Available data:
lemma ceil_log_le_add:
  fixes p n n' b :: nat
  assumes "1 < p" "n' \<le> n * p ^ b"
  shows "ceil_log p n' \<le> ceil_log p n + b"
proof (rule ceil_log_le)
  show "n' \<le> p ^ (ceil_log p n + b)"
    using le_power_ceil_log[OF assms(1), of n] assms(2) by (simp add: power_add order.trans)
qed

lemma strict_mono_on_prod_prefix:
  fixes q :: "nat \<Rightarrow> nat"
  assumes "\<And>i. i \<in> {1..k} \<Longrightarrow> 1 < q i"
  shows "strict_mono_on {..k} (\<lambda>i. \<Prod>l\<in>{1..i}. q l)"
proof (rule strict_mono_onI, rule lift_Suc_mono_less_ivl[of "{..<k}" "\<lambda>i. \<Prod>l\<in>{1..i}. q l"])
  fix i assume "i \<in> {..<k}"
  then have "0 < q l" if "l \<in> {1..i}" for l
    using assms[of l] that by simp
  then have "0 < (\<Prod>l\<in>{1..i}. q l)"
    by (rule prod_pos)
  then show "(\<Prod>l\<in>{1..i}. q l) < (\<Prod>l\<in>{1..Suc i}. q l)"
    using assms[of "Suc i"] \<open>i \<in> {..<k}\<close> by (simp add: prod.cl_ivl_Suc)
qed auto

lemma ceil_log_windows_cover:
  fixes p a b k c :: nat and D E :: "nat \<Rightarrow> nat"
  assumes p: "1 < p" and "0 < k" and "D 0 = 1"
    and E: "\<And>i. i < k \<Longrightarrow> E i = ceil_log p (D i)" "E k = a - b"
    and step: "\<And>i. Suc i < k \<Longrightarrow> D (Suc i) \<le> D i * p ^ b"
    and last: "p ^ a < p ^ (2 * b + 2) * D (k - 1)"
    and "c \<le> a"
  shows "\<exists>i\<le>k. E i \<le> c \<and> c \<le> E i + b"
proof (rule interval_chain_covers)
  show "E 0 \<le> c"
    using E(1)[OF \<open>0 < k\<close>] \<open>D 0 = 1\<close> ceil_log_le[of 1 p 0] by simp
  show "c \<le> E k + b"
    using \<open>c \<le> a\<close> E(2) by simp
  fix i assume "i < k"
  show "E (Suc i) \<le> E i + b + 1"
  proof (cases "Suc i = k")
    case True
    have "p ^ a < p ^ (2 * b + 2) * p ^ ceil_log p (D i)"
      using last le_power_ceil_log[OF p, of "D i"] True
      by (metis diff_Suc_1 less_le_trans mult_le_mono2)
    then have "a < 2 * b + 2 + ceil_log p (D i)"
      using p power_less_imp_less_exp by (metis power_add)
    then show ?thesis
      using True E \<open>i < k\<close> by simp
  next
    case False
    then have "Suc i < k"
      using \<open>i < k\<close> by simp
    then have "ceil_log p (D (Suc i)) \<le> ceil_log p (D i) + b"
      by (rule ceil_log_le_add[OF p step])
    then show ?thesis
      using E(1)[of i] E(1)[of "Suc i"] \<open>Suc i < k\<close> by simp
  qed
qed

Instructions for the task: Only the lines from the one with "using True E" through the end of the data should be printed, each exactly as it appears.

Solution below:
      using True E \<open>i < k\<close> by simp
  next
    case False
    then have "Suc i < k"
      using \<open>i < k\<close> by simp
    then have "ceil_log p (D (Suc i)) \<le> ceil_log p (D i) + b"
      by (rule ceil_log_le_add[OF p step])
    then show ?thesis
      using E(1)[of i] E(1)[of "Suc i"] \<open>Suc i < k\<close> by simp
  qed
qed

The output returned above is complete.